A well-informed GP would have also mentioned the global Endocrine Society’s 2017 guidance stating: “We recognize that there may be compelling reasons to initiate sex hormone treatment prior to age 16 years”.

The mum in the BBC drama also makes a reference to “the operations” – a statement which is not clarified. There is so much ignorance about trans children in the UK that the fact that surgery is not considered for trans girls until adulthood does need stating.

One thing the show did portray convincingly is the parent pretty much begging a not-transphobic and slightly clued up GP to care for and advocate for her child. The programme ends with the GP in an ethical dilemma about whether to agree to be this child’s GP, and whether to be willing to state medical facts about accepted best practices for trans children’s care in a family court. Why is this an ethical dilemma? If the family were following any other medical specialist recommended health care, the GP would not consider it an ethical dilemma to defend this in family court.

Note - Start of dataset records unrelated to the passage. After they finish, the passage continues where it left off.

lemma cut_cost_eq:
  assumes "X \<subseteq> V"
  shows "cut_cost w V X = two_block_cut_cost m p q (card (X \<inter> V1)) (card (X \<inter> V2))"
proof -
  have rest: "(V - X) \<inter> V1 = V1 - X" "(V - X) \<inter> V2 = V2 - X" by auto
  have "X = (X \<inter> V1) \<union> (X \<inter> V2)" "(X \<inter> V1) \<inter> (X \<inter> V2) = {}" using assms disjoint by auto
  then have "cut_cost w V X = (\<Sum>u\<in>X \<inter> V1. \<Sum>v\<in>V - X. w u v) + (\<Sum>u\<in>X \<inter> V2. \<Sum>v\<in>V - X. w u v)"
    unfolding cut_cost_def using finite_V1 finite_V2 by (metis finite_Int sum.union_disjoint)
  also have "\<dots> = (\<Sum>u\<in>X \<inter> V1. p * card (V1 - X) + q * card (V2 - X))
                  + (\<Sum>u\<in>X \<inter> V2. p * card (V2 - X) + q * card (V1 - X))"
  proof (intro arg_cong2[where f = "(+)"] sum.cong refl)
    fix u assume "u \<in> X \<inter> V1"
    then show "(\<Sum>v\<in>V - X. w u v) = p * card (V1 - X) + q * card (V2 - X)"
      using sum_sbm_weight[OF finite_V1 finite_V2 disjoint, of "V - X" u p q] by (simp add: rest)
  next
    fix u assume "u \<in> X \<inter> V2"
    then show "(\<Sum>v\<in>V - X. w u v) = p * card (V2 - X) + q * card (V1 - X)"
      using sum_sbm_weight[OF finite_V2 finite_V1 _, of "V - X" u p q] disjoint
      by (simp add: rest sbm_weight_swap[of V1] Un_commute inf_commute[of V2 V1])
  qed
  finally show ?thesis
    using real_card_Diff[OF finite_V1, of X] real_card_Diff[OF finite_V2, of X] card_V1 card_V2
    unfolding two_block_cut_cost_def by simp
qed

lemma cut_cost_in_block:
  assumes "X \<subseteq> V1 \<or> X \<subseteq> V2"
  shows "cut_cost w V X = two_block_cut_cost m p q (card X) 0"
proof -
  have "X \<subseteq> V" using assms by blast
  moreover have "X \<inter> V1 = X \<and> X \<inter> V2 = {} \<or> X \<inter> V1 = {} \<and> X \<inter> V2 = X" using assms disjoint by blast
  ultimately show ?thesis using cut_cost_eq two_block_cut_cost_commute by (metis card.empty of_nat_0)
qed

lemma small_side_split:
  assumes "0 \<le> q" "q \<le> p" "p \<le> 2 * q" "X \<subseteq> V" "2 \<le> card X" "card X \<le> m"
  obtains Y Z where "Y \<subseteq> X" "Z \<subseteq> X" "card Y < card X" "card Z < card X"
    "cut_cost w V Y \<le> cut_cost w V X" "cut_cost w V Z \<le> cut_cost w V X" "card (X - Y - Z) \<le> 1"
proof (cases "X \<subseteq> V1 \<or> X \<subseteq> V2")
  case True
  have "finite X" using assms(4) finite_V1 finite_V2 finite_subset by blast
  then obtain Y Z where halves: "Y \<subseteq> X" "Z \<subseteq> X" "card Y = card X div 2" "card Z = card X div 2"
    "card (X - Y - Z) \<le> 1" by (rule obtain_halves)
  have "cut_cost w V W \<le> cut_cost w V X" if "W \<subseteq> X" "card W = card X div 2" for W
  proof -
    have "two_block_cut_cost m p q (card W) 0 \<le> two_block_cut_cost m p q (card X) 0"
      using that assms by (intro two_block_cut_cost_half_le) linarith+
    then show ?thesis using cut_cost_in_block True that(1) by (metis subset_trans)
  qed
  moreover have "card X div 2 < card X" using assms(5) by simp
  ultimately show thesis using that halves by auto
next
  case False
  let ?k1 = "card (X \<inter> V1)" and ?k2 = "card (X \<inter> V2)"
  have X: "X = (X \<inter> V1) \<union> (X \<inter> V2)" "(X \<inter> V1) \<inter> (X \<inter> V2) = {}"
    using assms(4) disjoint by auto
  have "X \<inter> V1 \<noteq> {}" "X \<inter> V2 \<noteq> {}" using False assms(4) by auto
  then have card_X: "card X = ?k1 + ?k2" "0 < ?k1" "0 < ?k2"
    using X finite_V1 finite_V2 by (metis card_Un_disjoint finite_Int card_gt_0_iff)+
  have "two_block_cut_cost m p q ?k1 0 \<le> two_block_cut_cost m p q ?k1 ?k2"
    "two_block_cut_cost m p q ?k2 0 \<le> two_block_cut_cost m p q ?k2 ?k1"
    using assms card_X by (intro two_block_cut_cost_mono; simp)+
  then have "cut_cost w V (X \<inter> V1) \<le> cut_cost w V X" "cut_cost w V (X \<inter> V2) \<le> cut_cost w V X"
    using cut_cost_eq[OF assms(4)] cut_cost_in_block two_block_cut_cost_commute by auto
  moreover have "X - (X \<inter> V1) - (X \<inter> V2) = {}" using X by blast
  ultimately show thesis using that card_X by (metis Int_lower1 card.empty less_add_same_cancel1
      less_add_same_cancel2 zero_le_one)
qed

lemma tangle_side_large:
  assumes "0 \<le> q" "q \<le> p" "p \<le> 2 * q" "2 \<le> a"
    and tangle: "is_tangle a (cuts_le w V \<Psi>) Or" and "A \<in> Or"
  shows "m < card A"
proof -
  have "\<not> card A \<le> m"
  proof (rule tangle_excludes_splittable_sides[OF tangle \<open>2 \<le> a\<close> _ \<open>A \<in> Or\<close>])
    fix X assume "X \<in> Or" "card X \<le> m" "2 \<le> card X"
    obtain P where "P \<in> cuts_le w V \<Psi>" "X \<in> P"
      using tangle \<open>X \<in> Or\<close> unfolding is_tangle_def is_orientation_def by blast
    note side = side_of_cuts_le(1,3)[where w = w, OF sbm_weight_sym this]
    obtain Y Z where "Y \<subseteq> X" "Z \<subseteq> X" "card Y < card X" "card Z < card X"
      "cut_cost w V Y \<le> cut_cost w V X" "cut_cost w V Z \<le> cut_cost w V X" "card (X - Y - Z) \<le> 1"
      using small_side_split[OF assms(1-3) side(1) \<open>2 \<le> card X\<close> \<open>card X \<le> m\<close>] .
    moreover have "{W, V - W} \<in> cuts_le w V \<Psi>"
      if "W \<subseteq> X" "cut_cost w V W \<le> cut_cost w V X" for W
      using that side by (intro cut_in_cuts_le[where w = w, OF sbm_weight_sym]) auto
    moreover have "X \<inter> (V - Y) \<inter> (V - Z) = X - Y - Z" using side(1) by blast
    ultimately show "\<exists>Y Z. card Y \<le> m \<and> card Z \<le> m \<and> card Y < card X \<and> card Z < card X
        \<and> {Y, V - Y} \<in> cuts_le w V \<Psi> \<and> {Z, V - Z} \<in> cuts_le w V \<Psi>
        \<and> card (X \<inter> (V - Y) \<inter> (V - Z)) < 2"
      using \<open>card X \<le> m\<close> by (intro exI[of _ Y] exI[of _ Z]) auto
  qed
  then show ?thesis by simp
qed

The real ‘debate’ and ethical dilemma when it comes to GPs and trans children is why is there still such varied and poor practice? Why are desperate families encountering ignorance and transphobia from GPs? Why are GPs allowed to opt out of administering medically needed treatment that has been prescribed by an NHS specialist? Why are GPs treating trans children so much worse than cis children and why does no one care?

And if you want to a good indication of the wider institutional transphobia across the NHS that allows this poor healthcare for trans children to go unchallenged, look no further than the nonsense hokum that is “Rapid Onset Gender Dysphoria”. NHS children’s specialists have referenced ‘Rapid Onset’ in a presentation in a way that did not make it clear to service users and the general public that it is junk science.

In Canada, meanwhile, specialists working with trans children have endorsed a condemnation of Rapid Onset Gender Dysphoria as junk science, bunkum and quackery.

Where is the similar condemnation from the UK Gender Identity Development Service? I won’t hold my breath.

Given the poor state of the UK specialist service, whose protocols are outdated and not fit for purpose (with a 14+ month wait for current first appointments), we need GPs to step up and do more. GPs cannot continue to refuse basic care for trans children and adolescents. GPs cannot continue to claim that simple health care for trans adolescents is ‘too specialist’. It is discrimination clear and plain.

 

Update:

In episode 2 the GP goes to see a psychotherapist who tells him that the majority of socially transitioned 14 year olds change their minds. This is an outright falsehood.

Even the discredited Zucker/Steensma studies showed 14 year olds were extremely likely to maintain a trans identity.

The latest studies (Olson 2015 and Fast 2017) show that trans children have a clear identity at a very young age, that their identity is as valid and consistent as any other child’s.

The latest stats from Australia showed “From 2003 to 2017 96 percent of all patients assessed and diagnosed with Gender Dysphoria continued to identify as transgender or gender diverse into late adolescence”.

The ‘expert’ knows scarcely a thing of the latest evidence-based scientific consensus on care for transgender children.

2 thoughts on “GPs and trans children – BBC drama ‘Doctors’ and the UK Gender Identity Development Service

  1. I haven’t seen the BBC drama in question, but your post certainly brings home just how much trans children in England and Wales still have to endure to get the medical treatment they need. (I don’t know how this compares to the situation north of the border, but I doubt it’s very much better here.) You also make a good point about just how ridiculous the accusations are of parents ‘transing’ their children, when parents often have so much adjustment to go through before they can offer support (only adding to their childrens’ pain in many cases).

    It’s easy for those of us who transition later in life – because we weren’t even aware of our options back then, limited though they may have been – to suppose that it’s all plain-sailing for trans children and young people today. But it’s quite clear that it isn’t: we have such a long way to go.